Students practice flipping boards with photos to reveal a full-mosaic portrait of Pope Francis before a Mass at National Stadium in Bangkok on Nov. 21, 2019. (AP Photo/Sakchai Lalit)

VATICAN CITY (RNS) — In his new book, “Church, Interrupted: Havoc & Hope: The Tender Revolt of Pope Francis,” papal historian John Cornwell forecasts the repercussions Pope Francis may have for the Catholic Church, portraying Francis as a priest, bishop and pope who has never been afraid of paving his own way.

“I have focused on a consistent feature of his papacy: a capacity to hold opposites in tension, his many paradoxes giving rise to disruption,” Cornwell writes.

A veteran writer on Catholic affairs, Cornwell is very much aware of the profound challenges facing the church today. Priestly vocations are dropping, pews remain empty and the sexual abuse and financial scandals in the Vatican have seeded doubt in the institution.


Francis emerges in Cornwell’s book as a figure capable of addressing the contradictions and polarization in Catholicism today, not through doctrinal imperatives but through the dictates of mercy.  This quality renders him capable of adapting the Catholic faith to the practical demands placed on it today.
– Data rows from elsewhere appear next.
(* Let $\mathbf D$ be a regular $2^r$-run design given by distinct $b_1,\dots,b_n\in\Delta_r$ with $\operatorname{rank}(b_1,\dots,b_n)=r$, $n\ge 4$. Then there are constants $c_1,c_2,c_3$ depending only on $n$ and $r$ (not on the particular design) such that: (a) $A^{(1)}_3=c_1-A_3(\widetilde T)$; (b) $A^{(1)}_4=c_2+A_3(\widetilde T)+A_4(\widetilde T)$; (c) if moreover $b_1,b_2,b_3,b_4$ are linearly independent and $b_1+b_2\notin\{b_5,\dots,b_n\}$, $b_3+b_4\notin\{b_5,\dots,b_n\}$, then $A^{(2)}_2=c_3+A^{(12)}_2(T_{12})+A^{(34)}_2(T_{34})$.
   Context: $\Delta_r$ is the set of nonzero vectors of $\mathrm{GF}(2)^r$ (all arithmetic mod 2). "Number of $m$-subsets of a list with sum in $S$" counts $m$-element subsets of the listed (distinct) vectors whose sum lies in $S$. $A^{(1)}_m$: number of $m$-subsets of $\{b_2,b_4,b_5,\dots,b_n\}$ with sum $0$. $A^{(21)}_m$: $m$-subsets of $\{b_4,\dots,b_n\}$ with sum in $\{b_1,b_1+b_2\}$; $A^{(22)}_m$: $m$-subsets of $\{b_2,b_5,\dots,b_n\}$ with sum in $\{b_3,b_3+b_4\}$; $A^{(2)}_m=A^{(21)}_m+A^{(22)}_m$. $\widetilde T=\Delta_r\setminus\{b_2,b_4,b_5,\dots,b_n\}$; $A_m(\widetilde T)$: number of $m$-subsets of $\widetilde T$ with sum $0$. $T_{12}=\widetilde T\setminus\{b_1,b_1+b_2\}$, $T_{34}=\widetilde T\setminus\{b_3,b_3+b_4\}$; $A^{(12)}_2(T_{12})$: number of 2-subsets of $T_{12}$ with sum in $\{b_1,b_1+b_2\}$; $A^{(34)}_2(T_{34})$: number of 2-subsets of $T_{34}$ with sum in $\{b_3,b_3+b_4\}$. *)

theory Defs
  imports "HOL-Analysis.Analysis" "HOL-Library.Z2"
begin

text \<open>Vectors of GF(2)^r are modelled as \<open>bit ^ 'r\<close> with r = CARD('r).\<close>

definition Delta :: "(bit ^ 'r) set" where
  "Delta = UNIV - {0}"

definition nsub :: "nat \<Rightarrow> (bit ^ 'r) set \<Rightarrow> (bit ^ 'r) set \<Rightarrow> nat" where
  "nsub m X S = card {Y. Y \<subseteq> X \<and> card Y = m \<and> sum id Y \<in> S}"

definition design :: "nat \<Rightarrow> (nat \<Rightarrow> bit ^ 'r) \<Rightarrow> bool" where
  "design n b \<longleftrightarrow> inj_on b {1..n} \<and> (\<forall>i\<in>{1..n}. b i \<in> Delta)
     \<and> vec.dim (b ` {1..n}) = CARD('r)"

definition Ttil :: "nat \<Rightarrow> (nat \<Rightarrow> bit ^ 'r) \<Rightarrow> (bit ^ 'r) set" where
  "Ttil n b = Delta - b ` ({2} \<union> {4..n})"

definition A1 :: "nat \<Rightarrow> (nat \<Rightarrow> bit ^ 'r) \<Rightarrow> nat \<Rightarrow> nat" where
  "A1 n b m = nsub m (b ` ({2} \<union> {4..n})) {0}"

definition A21 :: "nat \<Rightarrow> (nat \<Rightarrow> bit ^ 'r) \<Rightarrow> nat \<Rightarrow> nat" where
  "A21 n b m = nsub m (b ` {4..n}) {b 1, b 1 + b 2}"

definition A22 :: "nat \<Rightarrow> (nat \<Rightarrow> bit ^ 'r) \<Rightarrow> nat \<Rightarrow> nat" where
  "A22 n b m = nsub m (b ` ({2} \<union> {5..n})) {b 3, b 3 + b 4}"

definition A2 :: "nat \<Rightarrow> (nat \<Rightarrow> bit ^ 'r) \<Rightarrow> nat \<Rightarrow> nat" where
  "A2 n b m = A21 n b m + A22 n b m"

definition AT :: "nat \<Rightarrow> (bit ^ 'r) set \<Rightarrow> nat" where
  "AT m T = nsub m T {0}"

definition T12 :: "nat \<Rightarrow> (nat \<Rightarrow> bit ^ 'r) \<Rightarrow> (bit ^ 'r) set" where
  "T12 n b = Ttil n b - {b 1, b 1 + b 2}"

definition T34 :: "nat \<Rightarrow> (nat \<Rightarrow> bit ^ 'r) \<Rightarrow> (bit ^ 'r) set" where
  "T34 n b = Ttil n b - {b 3, b 3 + b 4}"

end

theory Submission
  imports Defs "HOL-Combinatorics.Multiset_Permutations"
begin

text \<open>
  Counting ordered tuples instead of subsets, six times the number of zero-sum 3-subsets of a
  set X of nonzero vectors is \<open>\<Sum>x y. 1\<^sub>X(x) 1\<^sub>X(y) 1\<^sub>X(x + y)\<close>, and 24 times the number of
  zero-sum 4-subsets is the analogous triple sum up to a correction for repeated entries that
  only depends on |X|. For the complement \<open>\<Delta> - S\<close> substitute \<open>1\<^sub>\<Delta> - 1\<^sub>S\<close> and expand
  multilinearly: by translation invariance of the sums over GF(2)^r, every term containing a
  factor \<open>1\<^sub>\<Delta>\<close> is a polynomial in |S| and 2^r, and the terms purely in \<open>1\<^sub>S\<close> cancel against
  the counts for S. This gives (a) and (b) with S = {b_2, b_4, ..., b_n}.
  For (c), the vectors outside the span {0, a, c, a + c} are split between U and its
  complement T; for p = a and p = a + c a pointwise inclusion-exclusion shows that the numbers
  of pairs {x, x + p} inside U and inside T differ by a quantity determined by |U|.
\<close>

instance bit :: finite
proof
  have "(UNIV :: bit set) = {0, 1}"
    by (auto intro: bit.exhaust)
  then show "finite (UNIV :: bit set)"
    by (metis finite.emptyI finite.insertI)
qed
Francis’ unwillingness to favor either side in the culture battles splitting the Catholic Church has earned the pope skeptics and outright enemies, liberal and conservative. But Cornwell spies a glimmer of hope beyond the vitriol of Catholic Twitter, a new zeal that inspires everyone from Latin Mass enthusiasts to the faithful religious and lay groups helping migrants at European and American borders.

“Church, Interrupted: Havoc & Hope: The Tender Revolt of Pope Francis” by John Cornwell. Courtesy image

“Church, Interrupted: Havoc & Hope: The Tender Revolt of Pope Francis” by John Cornwell. Courtesy image

“Through all the disruptions, upheavals, and antagonisms, I have detected a sense of renewed spiritual energy among Catholics, whatever their standpoint within the Church, an energy that burns brightly beyond the politics of division,” Cornwell writes.

Cornwell made his reputation as an astute Vatican analyst with his 1989 book, “A Thief in the Night,” in which he challenged conspiracy theories that Pope John Paul I, who died after only 33 days as pontiff, was poisoned by his enemies within the Vatican. 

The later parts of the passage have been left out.